The main contents of this paper are as follows: firstly, the macroscopic and microscopic morphology of abalone abdominal foot surface was observed, and then the force measuring plates used to measure the adhesion force of abalone abdominal foot were designed and processed. The tensile test on the adhesion force of abalone on different force measuring plates was carried out. According to the test results, the types of adhesive force and corresponding sizes of abalone abdominal foot on different force measuring plates were calculated and analyzed, and the mechanism of different adhesive forces in abalone abdominal foot adhesion was discussed and elucidated. This study quantified the proportion of different adhesion forces in the adhesion of abalone, and clarified the primary and secondary roles of various adhesion forces when abalone adhered on the force plate with different surface morphologies. It provides a reference for the further study of other kinds of adhesive creatures and the design of bionic underwater adhesion devices.

Materials and methods

Preparation of abalone sample before test

The abalone used in the experiment was Haliotis discus hannai, which was purchased from Changchun, China. And quickly transferred to the laboratory aquarium. The size of the aquarium is 1500 mm × 600 mm × 600 mm, with a filtration system and a water circulation system. The water temperature in the aquarium is controlled between 15°C and 20°C, the salinity is 30%, the water depth was 0.8 m, and the bait is undaria, so as to ensure its normal survival in the aquarium. The mass of abalone selected in the experiment is generally between 50 g and 65 g, and the corresponding abdominal foot area was 1915 mm² to 2760 mm². Before the experiment, abalone was raised in the aquarium for at least 10 days, in order to reduce the difference of abalone individuals caused by different living environment and reduce the test error.

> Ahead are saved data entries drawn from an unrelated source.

lemma inner_szegedy_antisym:
  assumes "finite B" "B \<subseteq> A" "bar ` B = B"
    and zero: "\<And>b. b \<in> A \<Longrightarrow> b \<notin> B \<Longrightarrow> \<psi> b = 0"
    and antisym: "\<And>a. a \<in> A \<Longrightarrow> \<psi> (bar a) = - \<psi> a"
    and dA_zero: "\<And>u. u \<in> V \<Longrightarrow> dA \<psi> u = 0"
  shows "(\<Sum>a\<in>B. cnj (\<psi> a) * U \<Psi> a) = (\<Sum>a\<in>B. cnj (\<psi> a) * \<Psi> a)"
proof -
  let ?s = "\<lambda>a. of_real (sqrt (p a)) :: complex"
  have out_zero: "(\<Sum>a\<in>{a\<in>B. org a = u}. ?s a * \<psi> a) = 0" if "u \<in> org ` B" for u
  proof -
    have "(\<Sum>a\<in>{a\<in>B. org a = u}. ?s a * \<psi> a) = (\<Sum>a\<in>out_arcs u. ?s a * \<psi> a)"
      using \<open>B \<subseteq> A\<close> zero finite_out_arcs by (intro sum.mono_neutral_left) auto
    also have "\<dots> = 0"
      using out_amplitude_antisym[where \<psi> = \<psi>, OF antisym] dA_zero that \<open>B \<subseteq> A\<close> org_in by auto
    finally show ?thesis .
  qed
  have "(\<Sum>a\<in>B. cnj (\<psi> a) * ?s a * dA \<Psi> (org a))
      = (\<Sum>u\<in>org ` B. \<Sum>a\<in>{a\<in>B. org a = u}. cnj (\<psi> a) * ?s a * dA \<Psi> (org a))"
    using \<open>finite B\<close> by (intro sum.group[symmetric]) auto
  also have "\<dots> = (\<Sum>u\<in>org ` B. dA \<Psi> u * cnj (\<Sum>a\<in>{a\<in>B. org a = u}. ?s a * \<psi> a))"
    by (intro sum.cong refl) (auto simp: sum_distrib_left algebra_simps intro!: sum.cong)
  also have "\<dots> = 0"
    by (simp add: out_zero)
  finally have incoming: "(\<Sum>a\<in>B. cnj (\<psi> a) * ?s a * dA \<Psi> (org a)) = 0" .
  have "(\<Sum>a\<in>B. cnj (\<psi> a) * \<Psi> (bar a)) = (\<Sum>b\<in>B. cnj (\<psi> (bar b)) * \<Psi> b)"
    using \<open>B \<subseteq> A\<close> \<open>bar ` B = B\<close> bar_bar
    by (intro sum.reindex_bij_witness[of _ bar bar]) auto
  also have "\<dots> = - (\<Sum>b\<in>B. cnj (\<psi> b) * \<Psi> b)"
    using \<open>B \<subseteq> A\<close> antisym by (auto simp: sum_negf[symmetric] intro!: sum.cong)
  finally have reflected: "(\<Sum>a\<in>B. cnj (\<psi> a) * \<Psi> (bar a)) = - (\<Sum>b\<in>B. cnj (\<psi> b) * \<Psi> b)" .
  have "(\<Sum>a\<in>B. cnj (\<psi> a) * U \<Psi> a)
      = (\<Sum>a\<in>B. 2 * (cnj (\<psi> a) * ?s a * dA \<Psi> (org a)) - cnj (\<psi> a) * \<Psi> (bar a))"
    using \<open>B \<subseteq> A\<close> by (intro sum.cong refl) (auto simp: szegedy_eq algebra_simps)
  also have "\<dots> = 2 * (\<Sum>a\<in>B. cnj (\<psi> a) * ?s a * dA \<Psi> (org a))
      - (\<Sum>a\<in>B. cnj (\<psi> a) * \<Psi> (bar a))"
    by (simp add: sum_subtractf sum_distrib_left)
  finally show ?thesis
    using incoming reflected by simp
qed

lemma limit_orthogonal_to_restricted_fixed:
  assumes nonrev: "\<not> reversible V A org trm bar p"
    and "finite B" "B \<subseteq> A" "bar ` B = B"
    and init_zero: "\<And>a. a \<in> B \<Longrightarrow> \<Psi>0 a = 0"
    and lim: "\<And>a. (\<lambda>n. (U ^^ n) \<Psi>0 a) \<longlonglongrightarrow> \<Psi> a"
    and restricted_fixed: "\<forall>a\<in>A. \<phi> a = cut B (U (cut B \<phi>)) a"
  shows "(\<Sum>\<^sub>\<infinity>a\<in>A. cnj (\<phi> a) * \<Psi> a) = 0"
proof -
  define \<psi> where "\<psi> = cut B \<phi>"
  have zero: "\<psi> b = 0" if "b \<notin> B" for b
    using that by (simp add: \<psi>_def cut_def)
  have \<phi>_eq: "\<phi> a = \<psi> a" if "a \<in> A" for a
    using restricted_fixed that by (simp add: \<psi>_def cut_def)
  have "U \<psi> a = \<psi> a" if "a \<in> B" for a
    using restricted_fixed that \<open>B \<subseteq> A\<close> by (auto simp: \<psi>_def cut_def)
  then have fixed: "U \<psi> a = \<psi> a" if "a \<in> A" for a
    using szegedy_fixed_if_fixed_on_support \<open>finite B\<close> \<open>B \<subseteq> A\<close> zero that by blast
  have invariant: "(\<Sum>a\<in>B. cnj (\<psi> a) * U \<Phi> a) = (\<Sum>a\<in>B. cnj (\<psi> a) * \<Phi> a)" for \<Phi>
    using assms(2-4) zero fixed_point_antisym[OF nonrev fixed] fixed_point_dA_eq_zero[OF nonrev fixed]
    by (rule inner_szegedy_antisym)
  have "(\<Sum>a\<in>B. cnj (\<psi> a) * (U ^^ n) \<Psi>0 a) = 0" for n
    by (induction n) (simp_all add: invariant init_zero)
  moreover have "(\<lambda>n. \<Sum>a\<in>B. cnj (\<psi> a) * (U ^^ n) \<Psi>0 a) \<longlonglongrightarrow> (\<Sum>a\<in>B. cnj (\<psi> a) * \<Psi> a)"
    by (intro tendsto_sum tendsto_mult_left lim)
  ultimately have "(\<Sum>a\<in>B. cnj (\<psi> a) * \<Psi> a) = 0"
    by (simp add: LIMSEQ_const_iff)
  moreover have "(\<Sum>\<^sub>\<infinity>a\<in>A. cnj (\<phi> a) * \<Psi> a) = (\<Sum>\<^sub>\<infinity>a\<in>B. cnj (\<psi> a) * \<Psi> a)"
    using \<open>B \<subseteq> A\<close> zero \<phi>_eq by (intro infsum_cong_neutral) auto
  ultimately show ?thesis
    using \<open>finite B\<close> by simp
qed

end

lemma szegedy_walk_tailed:
  assumes G0_orig: "\<forall>a\<in>A0. o0 a \<in> V0"
    and G0_inv: "\<forall>a\<in>A0. inv0 a \<in> A0 \<and> inv0 (inv0 a) = a \<and> o0 (inv0 a) = t0 a"
    and att_in: "\<forall>j<r. att j \<in> V0"
    and p_pos: "\<forall>a\<in>tarcs A0 r. 0 < p a"
    and p_stoch: "\<forall>u\<in>tverts V0 r. (\<Sum>a\<in>{a\<in>tarcs A0 r. torig o0 att a = u}. p a) = 1"
  shows "szegedy_walk (tverts V0 r) (tarcs A0 r) (torig o0 att) (tterm t0 att) (tinv inv0) p"
proof
  fix a assume "a \<in> tarcs A0 r"
  then show "tinv inv0 a \<in> tarcs A0 r" and "tinv inv0 (tinv inv0 a) = a"
    and "torig o0 att (tinv inv0 a) = tterm t0 att a"
    using G0_inv by (cases a; auto simp: tarcs_def)+
  show "torig o0 att a \<in> tverts V0 r"
    using \<open>a \<in> tarcs A0 r\<close> G0_orig att_in by (cases a) (auto simp: tarcs_def tverts_def tv_def)
  show "0 < p a"
    using \<open>a \<in> tarcs A0 r\<close> p_pos by blast
qed (use p_stoch in blast)

lemma In_in_tarcs: "j < r \<Longrightarrow> In j k \<in> tarcs A0 r"
  by (simp add: tarcs_def)

lemma Old_image_subset_tarcs: "Old ` A0 \<subseteq> tarcs A0 r"
  by (auto simp: tarcs_def)

lemma tinv_image_Old:
  assumes "\<forall>a\<in>A0. inv0 a \<in> A0 \<and> inv0 (inv0 a) = a"
  shows "tinv inv0 ` Old ` A0 = Old ` A0"
  using assms by (force simp: image_image)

The image of abalone abdominal foot

Macroscopic observation

Abdominal foot is the main executive organ of abalone adhesion and crawling. The surface morphology of abdominal foot was observed by stereomicroscope (ZEISS Stemi 2000-C) to prepare for further study on abalone adhesion. The surface morphology of the abalone abdominal foot is shown in Fig 1(A), where the surface of abdominal foot can be divided into three layers, namely the outer layer, the middle layer and the inner layer. The inner layer occupies most of the abdominal foot and has a large number of striped folds on the surface, as shown in Fig 1(B). The abalone moves forward through the driving force generated by expansion and contraction of the folds in different regions of the abdominal foot.

Fig 1.

(a) Surface morphology of abalone abdominal foot (b) Three layers and striped folds of abalone abdominal foot.

Microscopic observation

In order to observe the micro-morphology of abalone abdominal foot surface, scanning electron microscope (SEM) was used to observe it. First, the abalone in the adhesion state was anesthetized to keep the abdominal foot in the unfolded state, so as to extract small sample of the abdominal foot for observation. The surface tissue of abalone abdominal foot (5 mm × 5 mm × 3 mm) was cut and fixed in 2.5% glutaraldehyde solution for about 2 hours. Then the fixed sample was rinsed with phosphate buffer (PBS) for 3 times, each time for about 15min. The sample was fixed in osmic acid, and the temperature was set at 4°C for about 2 hours. The sample was rinsed again with phosphate buffer (PBS) for 3 times, each time for about 10 min. The sample was dehydrated gradually with 50%, 70%, 80%, 90%, 100% ethanol, in which 50%, 70%, 80% and 90% ethanol were dehydrated once, each time for 10 min, 100% ethanol was dehydrated 3 times, each time for 10 min. Finally, the sample was put into a vacuum freeze dryer for freeze-drying. The surface of dried abdominal foot sample was sprayed with gold, and then observed by scanning electron microscope (JSM-5500LV).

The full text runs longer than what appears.